There is no guarantee (in fact it is outright impossible) that the same ideas a beliefs that propelled healthcare giants to where they are now will help them capture the markets of tomorrow. But at least some of them are well equipped to handle such change. Are they willing is another question altogether

Will today’s healthcare giants be tomorrow’s healthcare leaders? Good question, but not likely unless they are willing to reinvent themselves completely—something very hard to do. It’s a little like shooting your dog because he’s ugly, even though he gave you years of companionship.

The comments to this piece are definitely worth a read, though few of the commenter’s focus on what sort of innovations can be made, one post in particular lists some

  • To reduce defensive medicine, we could take medical dispute resolution out of the hands of juries and transfer it to specialized health courts which would be empowered to hire neutral experts to sort through conflicting scientific claims.
  • Access to robust, user friendly price and quality transparency tools that would provide actual insurer contract reimbursement rates for various services, tests and procedures provided by doctors and hospitals.

These are definitely worth thought and following up on.

The debate will range on in the US about all this, but here in India, I think we are in a uniquely advantageous situation, the government is awake, pro-market, and more importantly the market is huge and therefore hungry for innovation and new ideas.
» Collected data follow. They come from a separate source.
(* Let $X$ be as in the standing setting with skeleton $X_1,\dots,X_k$. Suppose $x,y\in X$ each lie in no $\operatorname{span}X_l$, and $x\in\operatorname{pos}\{x_i,x_j\}$, $y\in\operatorname{pos}\{y_{i'},y_{j'}\}$ with $x_i\in X_i$, $x_j\in X_j$, $y_{i'}\in X_{i'}$, $y_{j'}\in X_{j'}$, $i\ne j$, $i'\ne j'$. Then the index sets $\{i,j\}$ and $\{i',j'\}$ are either equal or disjoint.
   Context: Standing setting: $X\subset\mathbb R^n\setminus\{0\}$ is a finite set such that $0$ lies in the interior of $\operatorname{conv}X$, no element of $X$ is a positive multiple of another, and every $n+1$ points of $X$ are in good position. A finite set $A$ is in conical position if $0\notin\operatorname{conv}A$ and no point of $A$ lies in the positive hull (set of nonnegative linear combinations, denoted $\operatorname{pos}$) of the other points; it is in good position otherwise. A skeleton of $X$ is a collection of pairwise disjoint subsets $X_1,\dots,X_k\subseteq X$ such that each $X_i$ is the vertex set of a simplex whose relative interior contains $0$ and $\mathbb R^n=\operatorname{span}X_1\oplus\cdots\oplus\operatorname{span}X_k$. *)

theory Defs
  imports "HOL-Analysis.Analysis"
begin

definition pos :: "'a::real_vector set \<Rightarrow> 'a set" where
  "pos A = {y. \<exists>c. (\<forall>a\<in>A. c a \<ge> 0) \<and> y = (\<Sum>a\<in>A. c a *\<^sub>R a)}"

definition conical_position :: "'a::real_vector set \<Rightarrow> bool" where
  "conical_position A \<longleftrightarrow> 0 \<notin> convex hull A \<and> (\<forall>a\<in>A. a \<notin> pos (A - {a}))"

definition good_position :: "'a::real_vector set \<Rightarrow> bool" where
  "good_position A \<longleftrightarrow> \<not> conical_position A"

definition standing_setting :: "'a::euclidean_space set \<Rightarrow> bool" where
  "standing_setting X \<longleftrightarrow>
     finite X \<and> 0 \<notin> X \<and> 0 \<in> interior (convex hull X) \<and>
     (\<forall>a\<in>X. \<forall>b\<in>X. a \<noteq> b \<longrightarrow> \<not> (\<exists>c>0. b = c *\<^sub>R a)) \<and>
     (\<forall>A. A \<subseteq> X \<and> card A = DIM('a) + 1 \<longrightarrow> good_position A)"

definition direct_sum_UNIV :: "nat \<Rightarrow> (nat \<Rightarrow> 'a::real_vector set) \<Rightarrow> bool" where
  "direct_sum_UNIV k V \<longleftrightarrow>
     (\<forall>v. \<exists>u. (\<forall>l<k. u l \<in> V l) \<and> v = (\<Sum>l<k. u l)) \<and>
     (\<forall>u. (\<forall>l<k. u l \<in> V l) \<and> (\<Sum>l<k. u l) = 0 \<longrightarrow> (\<forall>l<k. u l = 0))"

definition skeleton :: "'a::euclidean_space set \<Rightarrow> nat \<Rightarrow> (nat \<Rightarrow> 'a set) \<Rightarrow> bool" where
  "skeleton X k Xs \<longleftrightarrow>
     (\<forall>l<k. Xs l \<subseteq> X) \<and>
     (\<forall>l<k. \<forall>m<k. l \<noteq> m \<longrightarrow> Xs l \<inter> Xs m = {}) \<and>
     (\<forall>l<k. \<not> affine_dependent (Xs l) \<and> 0 \<in> rel_interior (convex hull (Xs l))) \<and>
     direct_sum_UNIV k (\<lambda>l. span (Xs l))"

end

theory Submission
  imports Defs
begin

(*
  Suppose the pairs share exactly one index. Then x = a u + b w and y = c u' + d w' with
  a, b, c, d > 0, u, u' in X_i, w in X_j, w' in X_m and i, j, m distinct. Expand y over an
  independent subset of X containing u and w': over {u, w'} if u = u', and otherwise over
  (X_i - {u'}) together with w', since u' is a negative combination of the other vertices of
  the simplex X_i (0 lies in its relative interior). Exchanging u for x = a u + b w turns this
  into an expansion of y over an independent subset of X in which x and w have coefficients of
  opposite signs and w' a positive one. Extend that subset to a basis B contained in X. The n+1
  points of B and y are in conical position: y is not in pos B because of its negative coordinate,
  0 is not in their convex hull because of a positive one, and no b in B lies in the positive hull
  of the others because y has a second positive coordinate. This contradicts the assumption that
  every n+1 points of X are in good position.
*)

lemma subset_pos:
  assumes "finite A"
  shows "A \<subseteq> pos A"
proof
  fix a
  assume "a \<in> A"
  then have "a = (\<Sum>b\<in>A. (if b = a then 1 else 0) *\<^sub>R b)"
    using assms by (simp add: if_distrib[of "\<lambda>c. c *\<^sub>R _"] cong: if_cong)
  then show "a \<in> pos A"
    unfolding pos_def by (intro CollectI exI[of _ "\<lambda>b. if b = a then 1 else 0"]) simp
qed

lemma independent_coeffs_unique:
  fixes B :: "'a::real_vector set"
  assumes "independent B" "finite B" "(\<Sum>b\<in>B. f b *\<^sub>R b) = (\<Sum>b\<in>B. g b *\<^sub>R b)" "b \<in> B"
  shows "f b = g b"
proof -
  have "(\<Sum>b\<in>B. (f b - g b) *\<^sub>R b) = 0"
    using assms(3) by (simp add: scaleR_diff_left sum_subtractf)
  then have "dependent B" if "f b \<noteq> g b"
    using dependent_finite[OF assms(2)] that assms(4) by (metis eq_iff_diff_eq_0)
  then show ?thesis
    using assms(1) by blast
qed

lemma independent_coeffs_scaleR:
  fixes B :: "'a::real_vector set"
  assumes "independent B" "finite B" "(\<Sum>b\<in>B. f b *\<^sub>R b) = s *\<^sub>R (\<Sum>b\<in>B. \<beta> b *\<^sub>R b)" "b \<in> B"
  shows "f b = s * \<beta> b"
  using independent_coeffs_unique[OF assms(1,2) _ assms(4), of f "\<lambda>b. s * \<beta> b"] assms(3)
  by (simp add: scaleR_sum_right)

lemma notin_pos_if_negative_coeff:
  fixes B :: "'a::real_vector set"
  assumes indep: "independent B" and fin: "finite B" and y: "y = (\<Sum>b\<in>B. \<beta> b *\<^sub>R b)"
    and r: "r \<in> B" "\<beta> r < 0"
  shows "y \<notin> pos B"
proof
  assume "y \<in> pos B"
  then obtain c where c: "\<forall>b\<in>B. c b \<ge> 0" "(\<Sum>b\<in>B. c b *\<^sub>R b) = 1 *\<^sub>R y"
    unfolding pos_def by auto
  then have "c r = \<beta> r"
    using independent_coeffs_scaleR[OF indep fin _ r(1), of c 1 \<beta>] y by simp
  then show False
    using c(1) r by fastforce
qed

lemma zero_notin_convex_hull_insert_if_positive_coeff:
  fixes B :: "'a::real_vector set"
  assumes indep: "independent B" and fin: "finite B" and y: "y = (\<Sum>b\<in>B. \<beta> b *\<^sub>R b)"
    and yB: "y \<notin> B" and p: "p \<in> B" "\<beta> p > 0"
  shows "0 \<notin> convex hull (insert y B)"
proof
  assume "0 \<in> convex hull (insert y B)"
  then obtain u where u: "\<forall>a\<in>insert y B. 0 \<le> u a" "sum u (insert y B) = 1"
    "(\<Sum>a\<in>insert y B. u a *\<^sub>R a) = 0"
    using convex_hull_finite[of "insert y B"] fin by auto
  have "(\<Sum>b\<in>B. u b *\<^sub>R b) = (- u y) *\<^sub>R y"
    using u(3) fin yB by (simp add: add_eq_0_iff2)
  then have uB: "u b = - u y * \<beta> b" if "b \<in> B" for b
    using independent_coeffs_scaleR[OF indep fin _ that, of u "- u y" \<beta>] y by simp
  have "u p \<ge> 0" "u y \<ge> 0"
    using u(1) p(1) by auto
  then have "u y = 0"
    using uB[OF p(1)] mult_pos_pos[of "u y" "\<beta> p"] p(2) by linarith
  then have "sum u (insert y B) = 0"
    using uB fin yB by simp
  then show False
    using u(2) by simp
qed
Their acceptance and viability will need visionaries and organizations that dare to do something different and adopt radical ideas and practices. The government in India has always followed the people, innovators and visionaries have set precedence’s and examples that the government learns and uses.

According to an IBEF report the Indian Healthcare industry is growing at an unbelievable 23% per annum and will touch $77 Billion by 2012. Most of it is going to mainline healthcare, with very little variation, and very little into innovative ventures. Therefore, time is ripe for both with capital and those with ideas to explore dare and make a difference.
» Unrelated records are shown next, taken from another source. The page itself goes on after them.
lemma euler_factors_summable_majorant:
  fixes x :: "nat \<Rightarrow> real" and b :: "nat \<Rightarrow> nat"
  assumes b: "strict_mono b" "b 0 > 0" and x: "\<And>n. \<bar>x n\<bar> \<le> 1"
    and lam: "lam > 0" and C: "C > 0"
    and majorant: "\<forall>\<^sub>F t in at_right 0. summable (\<lambda>k. exp (- x k * real (b k) * t)) \<and>
            (\<Sum>k. exp (- x k * real (b k) * t)) \<le> C * t powr (- lam)"
    and \<sigma>: "\<sigma> > max (1/2) lam"
  shows "\<exists>M. summable M \<and> (\<forall>\<^sub>F n in sequentially. \<forall>s. Re s \<ge> \<sigma> \<longrightarrow>
           norm (1 / (1 - complex_of_real (x n) * of_nat (b n) powr (- s)) - 1) \<le> M n)"
proof (intro exI conjI)
  show "summable (\<lambda>n. 4 * real (b n) powr (- \<sigma>))"
    using \<sigma> x by (intro summable_mult summable_powr_neg_of_exp_majorant[OF b _ lam C _ majorant])
      (auto simp: abs_le_iff)
  show "\<forall>\<^sub>F n in sequentially. \<forall>s. Re s \<ge> \<sigma> \<longrightarrow>
          norm (1 / (1 - complex_of_real (x n) * of_nat (b n) powr (- s)) - 1) \<le> 4 * real (b n) powr (- \<sigma>)"
    using eventually_ge_at_top[of 1]
  proof eventually_elim
    case (elim n)
    then have "b n \<ge> 2"
      using strict_mono_Suc_le[OF b, of n] by linarith
    then show ?case
      using \<sigma> x by (auto intro: euler_factor_sub_one_bound)
  qed
qed
(* Let $k\ge1$ be even and let $Q_k\in S_k$. Then the generating function $\sum_{n\ge0}\#_{\mathcal A}\{(0,0)\xrightarrow{n}Q_k\}t^n$ is a rational function of $t$, and its poles of smallest modulus are at $t=\pm\big(2\cos(\tfrac{\pi}{2+k})\big)^{-1}$.
   Context: Let $\mathbb N=\{0,1,2,\dots\}$ and $\mathcal A=\{(-1,1),(1,1),(1,-1)\}$. A quarter-plane walk of length $n$ with steps in $\mathcal A$ is a sequence $p_0=(0,0),p_1,\dots,p_n$ of points of $\mathbb N^2$ with $p_m-p_{m-1}\in\mathcal A$ for all $m$; $\#_{\mathcal A}\{(0,0)\xrightarrow{n}(i,j)\}$ is the number of such walks ending at $(i,j)$. For $k\ge0$, $S_k=\{(k-i,i):0\le i\le k\}$. *)

theory Defs
  imports Complex_Main "HOL-Computational_Algebra.Polynomial_FPS"
begin

definition stepsA :: "(int \<times> int) set" where
  "stepsA = {(-1,1), (1,1), (1,-1)}"

text \<open>Quarter-plane walks of length n from (0,0), represented as the list of
  visited points p_0, ..., p_n (points of N^2 encoded as nonnegative integer pairs).\<close>
definition qp_walks :: "nat \<Rightarrow> (int \<times> int) list set" where
  "qp_walks n = {ps. length ps = Suc n \<and> ps ! 0 = (0,0) \<and>
      (\<forall>m<n. (fst (ps ! Suc m) - fst (ps ! m), snd (ps ! Suc m) - snd (ps ! m)) \<in> stepsA) \<and>
      (\<forall>p\<in>set ps. 0 \<le> fst p \<and> 0 \<le> snd p)}"

definition walk_count :: "nat \<Rightarrow> int \<times> int \<Rightarrow> nat" where
  "walk_count n Q = card {ps \<in> qp_walks n. last ps = Q}"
What think you? should the government in India foster innovation, does it already ?

Must Mission Hospitals die? An alternate exists! – Free Discussion Paper

14 Jul

If you were to do a survey of the 200 odd mission hospitals in India you would think that this massive organization has been asleep for about 15 years, if not more. Most of them are stuck in the past, unable to keep up with the times and very few are relevant to the areas they exist in.

The discussion paper outlines what is wrong with the healthcare system in our country, as well as charts a road map for successful revitalization of mission hospitals in India.
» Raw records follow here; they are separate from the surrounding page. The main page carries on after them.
lemma cover_count_le_power:
  fixes k :: nat
  assumes k: "k \<ge> 2"
  shows "k ^ k * (4 * k + 1) ^ (2 * k) \<le> k ^ (9 * k)"
proof -
  have "4 * k + 1 \<le> k ^ 4"
  proof -
    have "2 ^ 3 * k \<le> k ^ 3 * k" using power_mono[OF k, of 3] by simp
    then show ?thesis using k by (simp add: power_Suc2[of k 3, symmetric])
  qed
  then have "k ^ k * (4 * k + 1) ^ (2 * k) \<le> k ^ k * (k ^ 4) ^ (2 * k)"
    by (simp add: power_mono)
  also have "\<dots> = k ^ (9 * k)" by (simp flip: power_mult power_add)
  finally show ?thesis .
qed

theorem mainTheorem8:
  shows "(\<forall>k\<ge>2. metric_diam (EMD k) (Xk k) \<le> ereal (sqrt 2)) \<and>
         (\<exists>C::real. \<forall>k::nat\<ge>2. doubling_dim (EMD k) (Xk k) \<le> ereal (C * real k * ln (real k)))"
proof (intro conjI allI impI exI)
  fix k :: nat assume "k \<ge> 2"
  then show "metric_diam (EMD k) (Xk k) \<le> ereal (sqrt 2)" by (intro metric_diam_Xk_le) simp
next
  fix k :: nat assume k: "k \<ge> 2"
  have "doubling_const (EMD k) (Xk k) \<le> enat (k ^ k * (4 * k + 1) ^ (2 * k))"
    using k by (intro doubling_const_Xk_le) simp
  also have "\<dots> \<le> enat (k ^ (9 * k))" using cover_count_le_power[OF k] by simp
  finally have "doubling_const (EMD k) (Xk k) \<le> enat (k ^ (9 * k))" .
  then have "doubling_dim (EMD k) (Xk k) \<le> ereal (log 2 (real (k ^ (9 * k))))"
    using k by (intro doubling_dim_le) simp_all
  also have "log 2 (real (k ^ (9 * k))) = 9 / ln 2 * real k * ln (real k)"
    by (simp add: log_def ln_realpow)
  finally show "doubling_dim (EMD k) (Xk k) \<le> ereal (9 / ln 2 * real k * ln (real k))" .
qed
Some of the key changes in healthcare in India the last few decades are:

  1. Private healthcare has become the predominant healthcare provision in India with about 80% of the sick going to a private practitioner or a private healthcare facility.
  2. Healthcare has become a profiteering commodity with a high return on investments. This has attracted considerable private investment into healthcare and related products. When investor returns are paramount, social commitment is often ignored.
  3. Government health system has improved but is patchy. It is better in well governed states. However, increasingly government is privatizing healthcare and is entering into public-private partnerships. Privatization is here to stay and we need to come to terms with this reality.
  4. Regulatory mechanisms are weak and are unevenly enforced or corrupt. Because of the demand from consumers stronger regulation will be in place over time. NABH and ISO are some the organizations currently implementing standards.

Sum total of all the above changes is that the healthcare system has become curative oriented, inequitable, impoverishing. This has made people around the poverty line and the lower middle class significantly vulnerable to higher morbidity and mortality rates.  Healthcare professionals are trapped in a system which does very little to provide them with personal significance and meaning.